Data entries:
* * * * * * *

(* Assume the standing setting. If a Borel integrand $L:X\times\mathbb{M}\to[0,\infty]$ is radially uniformly upper semicontinuous, then its $\mu$-quasiconvexification $\mathcal{Q}_\mu L$ is radially uniformly upper semicontinuous.
   Context: Standing setting. $(X,d)$ is a separable compact length space and $\mu$ is a positive Radon measure on $X$. $Q_\rho(x)=\{y\in X:d(x,y)<\rho\}$ and $\fint_B f\,d\mu=\mu(B)^{-1}\int_B f\,d\mu$. $\mu$ is doubling: there is $C_d\ge1$ with $\mu(Q_\rho(x))\le C_d\,\mu(Q_{\rho/2}(x))$ for all $x,\rho>0$. Fix $1<p<\infty$. $X$ supports a weak $(1,p)$-Poincaré inequality (there are $C_P>0,\sigma\ge1$ with $\fint_{Q_\rho(x)}|f-\fint_{Q_\rho(x)}f|d\mu\le\rho C_P(\fint_{Q_{\sigma\rho}(x)}g^pd\mu)^{1/p}$ for every $f\in L^p_\mu(X)$ and every $p$-weak upper gradient $g$ of $f$, i.e. $L^p$-limit of upper gradients $g_n$ of functions $f_n\to f$ in $L^p_\mu$). By Cheeger's theorem there are an integer $N\ge1$ and a linear operator $D_\mu:\mathrm{Lip}(X)\to L^\infty_\mu(X;\mathbb{R}^N)$ (Cheeger differential). Fix an integer $m\ge1$; $\mathbb{M}$ denotes the real $m\times N$ matrices. For $u=(u_1,\dots,u_m)\in\mathrm{Lip}(X;\mathbb{R}^m)$, $\nabla_\mu u$ has rows $D_\mu u_i$; $W^{1,p}_\mu(X;\mathbb{R}^m)$ is the completion of $\mathrm{Lip}(X;\mathbb{R}^m)$ for $\|u\|_{L^p_\mu}+\|\nabla_\mu u\|_{L^p_\mu}$, with $\nabla_\mu$ extended to it. For open $A$, $W^{1,p}_{\mu,0}(A;\mathbb{R}^m)$ is the closure in $W^{1,p}_\mu$ of $\{u\in\mathrm{Lip}(X;\mathbb{R}^m):u=0\text{ on }X\setminus A\}$. For a Borel $F:X\times\mathbb{M}\to[0,\infty]$: $\mathcal{Q}_\mu F(x,\xi)=\limsup_{\rho\to0}\inf\{\fint_{Q_\rho(x)}F(y,\xi+\nabla_\mu w(y))d\mu(y):w\in W^{1,p}_{\mu,0}(Q_\rho(x);\mathbb{R}^m)\}$; $\mathbb{F}_x=\{\xi:F(x,\xi)<\infty\}$; for $a:X\to]0,\infty]$, $\Delta^a_F(t)=\sup_{x\in X}\sup_{\xi\in\mathbb{F}_x}\frac{F(x,t\xi)-F(x,\xi)}{a(x)+F(x,\xi)}$ for $t\in[0,1]$. $F$ is radially uniformly upper semicontinuous (ru-usc) if there is $a\in L^1_\mu(X;]0,\infty])$ with $\limsup_{t\to1^-}\Delta^a_F(t)\le0$. *)

theory Defs
  imports "HOL-Analysis.Analysis"
begin

definition curve_length :: "(real \<Rightarrow> 'a::metric_space) \<Rightarrow> real \<Rightarrow> real \<Rightarrow> ereal" where
  "curve_length c a b =
     (SUP (n, t) \<in> {(n::nat, t::nat \<Rightarrow> real). t 0 = a \<and> t n = b \<and> (\<forall>i<n. t i \<le> t (Suc i))}.
        ereal (\<Sum>i<n. dist (c (t i)) (c (t (Suc i)))))"

definition length_space :: "'a::metric_space itself \<Rightarrow> bool" where
  "length_space _ \<longleftrightarrow>
     (\<forall>x y::'a. ereal (dist x y) =
        (INF c \<in> {c. continuous_on {0..1} c \<and> c 0 = x \<and> c 1 = y}. curve_length c 0 1))"

definition arclength_curve :: "(real \<Rightarrow> 'a::metric_space) \<Rightarrow> real \<Rightarrow> bool" where
  "arclength_curve c l \<longleftrightarrow> 0 \<le> l \<and>
     (\<forall>a b. 0 \<le> a \<and> a \<le> b \<and> b \<le> l \<longrightarrow> curve_length c a b = ereal (b - a))"

text \<open>Upper gradient (Heinonen--Koskela): along every rectifiable curve (equivalently, every
  arc-length parametrised curve) the oscillation of f is bounded by the line integral of g.\<close>
definition upper_gradient :: "('a::metric_space \<Rightarrow> real) \<Rightarrow> ('a \<Rightarrow> ennreal) \<Rightarrow> bool" where
  "upper_gradient f g \<longleftrightarrow> g \<in> borel_measurable borel \<and>
     (\<forall>c l. arclength_curve c l \<longrightarrow>
        ennreal \<bar>f (c l) - f (c 0)\<bar> \<le> (\<integral>\<^sup>+ s. g (c s) * indicator {0..l} s \<partial>lborel))"

definition Lp_space :: "'a measure \<Rightarrow> real \<Rightarrow> ('a \<Rightarrow> 'b::real_normed_vector) \<Rightarrow> bool" where
  "Lp_space M p f \<longleftrightarrow> f \<in> borel_measurable M \<and> (\<integral>\<^sup>+ x. ennreal (norm (f x) powr p) \<partial>M) < \<infinity>"

definition p_weak_upper_gradient ::
  "'a::metric_space measure \<Rightarrow> real \<Rightarrow> ('a \<Rightarrow> real) \<Rightarrow> ('a \<Rightarrow> real) \<Rightarrow> bool" where
  "p_weak_upper_gradient M p f g \<longleftrightarrow> Lp_space M p g \<and>
     (\<exists>fn gn. (\<forall>n. Lp_space M p (fn n) \<and> upper_gradient (fn n) (gn n) \<and>
                   (\<integral>\<^sup>+ x. gn n x powr p \<partial>M) < \<infinity>) \<and>
        ((\<lambda>n. \<integral>\<^sup>+ x. ennreal (\<bar>fn n x - f x\<bar> powr p) \<partial>M) \<longlonglongrightarrow> 0) \<and>
        ((\<lambda>n. \<integral>\<^sup>+ x. ennreal (\<bar>enn2real (gn n x) - g x\<bar> powr p) \<partial>M) \<longlonglongrightarrow> 0))"

definition doubling :: "'a::metric_space measure \<Rightarrow> bool" where
  "doubling M \<longleftrightarrow> (\<exists>Cd\<ge>1. \<forall>x \<rho>. \<rho> > 0 \<longrightarrow>
      emeasure M (ball x \<rho>) \<le> ennreal Cd * emeasure M (ball x (\<rho> / 2)))"

definition avg :: "'a measure \<Rightarrow> 'a set \<Rightarrow> ('a \<Rightarrow> real) \<Rightarrow> real" where
  "avg M B f = (LINT y:B|M. f y) / measure M B"

definition avg_nn :: "'a measure \<Rightarrow> 'a set \<Rightarrow> ('a \<Rightarrow> ennreal) \<Rightarrow> ennreal" where
  "avg_nn M B f = (\<integral>\<^sup>+ y\<in>B. f y \<partial>M) / emeasure M B"

definition weak_poincare :: "'a::metric_space measure \<Rightarrow> real \<Rightarrow> bool" where
  "weak_poincare M p \<longleftrightarrow> (\<exists>CP>0. \<exists>\<sigma>\<ge>1. \<forall>f g x \<rho>.
      \<rho> > 0 \<and> Lp_space M p f \<and> p_weak_upper_gradient M p f g \<longrightarrow>
      avg M (ball x \<rho>) (\<lambda>y. \<bar>f y - avg M (ball x \<rho>) f\<bar>)
        \<le> \<rho> * CP * (avg M (ball x (\<sigma> * \<rho>)) (\<lambda>y. g y powr p)) powr (1 / p))"

definition Lip_fun :: "('a::metric_space \<Rightarrow> 'b::metric_space) \<Rightarrow> bool" where
  "Lip_fun f \<longleftrightarrow> (\<exists>C. C-lipschitz_on UNIV f)"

* * * * * * *

◆ TASK DIRECTIONS ◆
Retype the records, line for line.

◆ COMPLETED EXERCISE ◆
(* Assume the standing setting. If a Borel integrand $L:X\times\mathbb{M}\to[0,\infty]$ is radially uniformly upper semicontinuous, then its $\mu$-quasiconvexification $\mathcal{Q}_\mu L$ is radially uniformly upper semicontinuous.
   Context: Standing setting. $(X,d)$ is a separable compact length space and $\mu$ is a positive Radon measure on $X$. $Q_\rho(x)=\{y\in X:d(x,y)<\rho\}$ and $\fint_B f\,d\mu=\mu(B)^{-1}\int_B f\,d\mu$. $\mu$ is doubling: there is $C_d\ge1$ with $\mu(Q_\rho(x))\le C_d\,\mu(Q_{\rho/2}(x))$ for all $x,\rho>0$. Fix $1<p<\infty$. $X$ supports a weak $(1,p)$-Poincaré inequality (there are $C_P>0,\sigma\ge1$ with $\fint_{Q_\rho(x)}|f-\fint_{Q_\rho(x)}f|d\mu\le\rho C_P(\fint_{Q_{\sigma\rho}(x)}g^pd\mu)^{1/p}$ for every $f\in L^p_\mu(X)$ and every $p$-weak upper gradient $g$ of $f$, i.e. $L^p$-limit of upper gradients $g_n$ of functions $f_n\to f$ in $L^p_\mu$). By Cheeger's theorem there are an integer $N\ge1$ and a linear operator $D_\mu:\mathrm{Lip}(X)\to L^\infty_\mu(X;\mathbb{R}^N)$ (Cheeger differential). Fix an integer $m\ge1$; $\mathbb{M}$ denotes the real $m\times N$ matrices. For $u=(u_1,\dots,u_m)\in\mathrm{Lip}(X;\mathbb{R}^m)$, $\nabla_\mu u$ has rows $D_\mu u_i$; $W^{1,p}_\mu(X;\mathbb{R}^m)$ is the completion of $\mathrm{Lip}(X;\mathbb{R}^m)$ for $\|u\|_{L^p_\mu}+\|\nabla_\mu u\|_{L^p_\mu}$, with $\nabla_\mu$ extended to it. For open $A$, $W^{1,p}_{\mu,0}(A;\mathbb{R}^m)$ is the closure in $W^{1,p}_\mu$ of $\{u\in\mathrm{Lip}(X;\mathbb{R}^m):u=0\text{ on }X\setminus A\}$. For a Borel $F:X\times\mathbb{M}\to[0,\infty]$: $\mathcal{Q}_\mu F(x,\xi)=\limsup_{\rho\to0}\inf\{\fint_{Q_\rho(x)}F(y,\xi+\nabla_\mu w(y))d\mu(y):w\in W^{1,p}_{\mu,0}(Q_\rho(x);\mathbb{R}^m)\}$; $\mathbb{F}_x=\{\xi:F(x,\xi)<\infty\}$; for $a:X\to]0,\infty]$, $\Delta^a_F(t)=\sup_{x\in X}\sup_{\xi\in\mathbb{F}_x}\frac{F(x,t\xi)-F(x,\xi)}{a(x)+F(x,\xi)}$ for $t\in[0,1]$. $F$ is radially uniformly upper semicontinuous (ru-usc) if there is $a\in L^1_\mu(X;]0,\infty])$ with $\limsup_{t\to1^-}\Delta^a_F(t)\le0$. *)

theory Defs
  imports "HOL-Analysis.Analysis"
begin

definition curve_length :: "(real \<Rightarrow> 'a::metric_space) \<Rightarrow> real \<Rightarrow> real \<Rightarrow> ereal" where
  "curve_length c a b =
     (SUP (n, t) \<in> {(n::nat, t::nat \<Rightarrow> real). t 0 = a \<and> t n = b \<and> (\<forall>i<n. t i \<le> t (Suc i))}.
        ereal (\<Sum>i<n. dist (c (t i)) (c (t (Suc i)))))"

definition length_space :: "'a::metric_space itself \<Rightarrow> bool" where
  "length_space _ \<longleftrightarrow>
     (\<forall>x y::'a. ereal (dist x y) =
        (INF c \<in> {c. continuous_on {0..1} c \<and> c 0 = x \<and> c 1 = y}. curve_length c 0 1))"

definition arclength_curve :: "(real \<Rightarrow> 'a::metric_space) \<Rightarrow> real \<Rightarrow> bool" where
  "arclength_curve c l \<longleftrightarrow> 0 \<le> l \<and>
     (\<forall>a b. 0 \<le> a \<and> a \<le> b \<and> b \<le> l \<longrightarrow> curve_length c a b = ereal (b - a))"

text \<open>Upper gradient (Heinonen--Koskela): along every rectifiable curve (equivalently, every
  arc-length parametrised curve) the oscillation of f is bounded by the line integral of g.\<close>
definition upper_gradient :: "('a::metric_space \<Rightarrow> real) \<Rightarrow> ('a \<Rightarrow> ennreal) \<Rightarrow> bool" where
  "upper_gradient f g \<longleftrightarrow> g \<in> borel_measurable borel \<and>
     (\<forall>c l. arclength_curve c l \<longrightarrow>
        ennreal \<bar>f (c l) - f (c 0)\<bar> \<le> (\<integral>\<^sup>+ s. g (c s) * indicator {0..l} s \<partial>lborel))"

definition Lp_space :: "'a measure \<Rightarrow> real \<Rightarrow> ('a \<Rightarrow> 'b::real_normed_vector) \<Rightarrow> bool" where
  "Lp_space M p f \<longleftrightarrow> f \<in> borel_measurable M \<and> (\<integral>\<^sup>+ x. ennreal (norm (f x) powr p) \<partial>M) < \<infinity>"

definition p_weak_upper_gradient ::
  "'a::metric_space measure \<Rightarrow> real \<Rightarrow> ('a \<Rightarrow> real) \<Rightarrow> ('a \<Rightarrow> real) \<Rightarrow> bool" where
  "p_weak_upper_gradient M p f g \<longleftrightarrow> Lp_space M p g \<and>
     (\<exists>fn gn. (\<forall>n. Lp_space M p (fn n) \<and> upper_gradient (fn n) (gn n) \<and>
                   (\<integral>\<^sup>+ x. gn n x powr p \<partial>M) < \<infinity>) \<and>
        ((\<lambda>n. \<integral>\<^sup>+ x. ennreal (\<bar>fn n x - f x\<bar> powr p) \<partial>M) \<longlonglongrightarrow> 0) \<and>
        ((\<lambda>n. \<integral>\<^sup>+ x. ennreal (\<bar>enn2real (gn n x) - g x\<bar> powr p) \<partial>M) \<longlonglongrightarrow> 0))"

definition doubling :: "'a::metric_space measure \<Rightarrow> bool" where
  "doubling M \<longleftrightarrow> (\<exists>Cd\<ge>1. \<forall>x \<rho>. \<rho> > 0 \<longrightarrow>
      emeasure M (ball x \<rho>) \<le> ennreal Cd * emeasure M (ball x (\<rho> / 2)))"

definition avg :: "'a measure \<Rightarrow> 'a set \<Rightarrow> ('a \<Rightarrow> real) \<Rightarrow> real" where
  "avg M B f = (LINT y:B|M. f y) / measure M B"

definition avg_nn :: "'a measure \<Rightarrow> 'a set \<Rightarrow> ('a \<Rightarrow> ennreal) \<Rightarrow> ennreal" where
  "avg_nn M B f = (\<integral>\<^sup>+ y\<in>B. f y \<partial>M) / emeasure M B"

definition weak_poincare :: "'a::metric_space measure \<Rightarrow> real \<Rightarrow> bool" where
  "weak_poincare M p \<longleftrightarrow> (\<exists>CP>0. \<exists>\<sigma>\<ge>1. \<forall>f g x \<rho>.
      \<rho> > 0 \<and> Lp_space M p f \<and> p_weak_upper_gradient M p f g \<longrightarrow>
      avg M (ball x \<rho>) (\<lambda>y. \<bar>f y - avg M (ball x \<rho>) f\<bar>)
        \<le> \<rho> * CP * (avg M (ball x (\<sigma> * \<rho>)) (\<lambda>y. g y powr p)) powr (1 / p))"

definition Lip_fun :: "('a::metric_space \<Rightarrow> 'b::metric_space) \<Rightarrow> bool" where
  "Lip_fun f \<longleftrightarrow> (\<exists>C. C-lipschitz_on UNIV f)"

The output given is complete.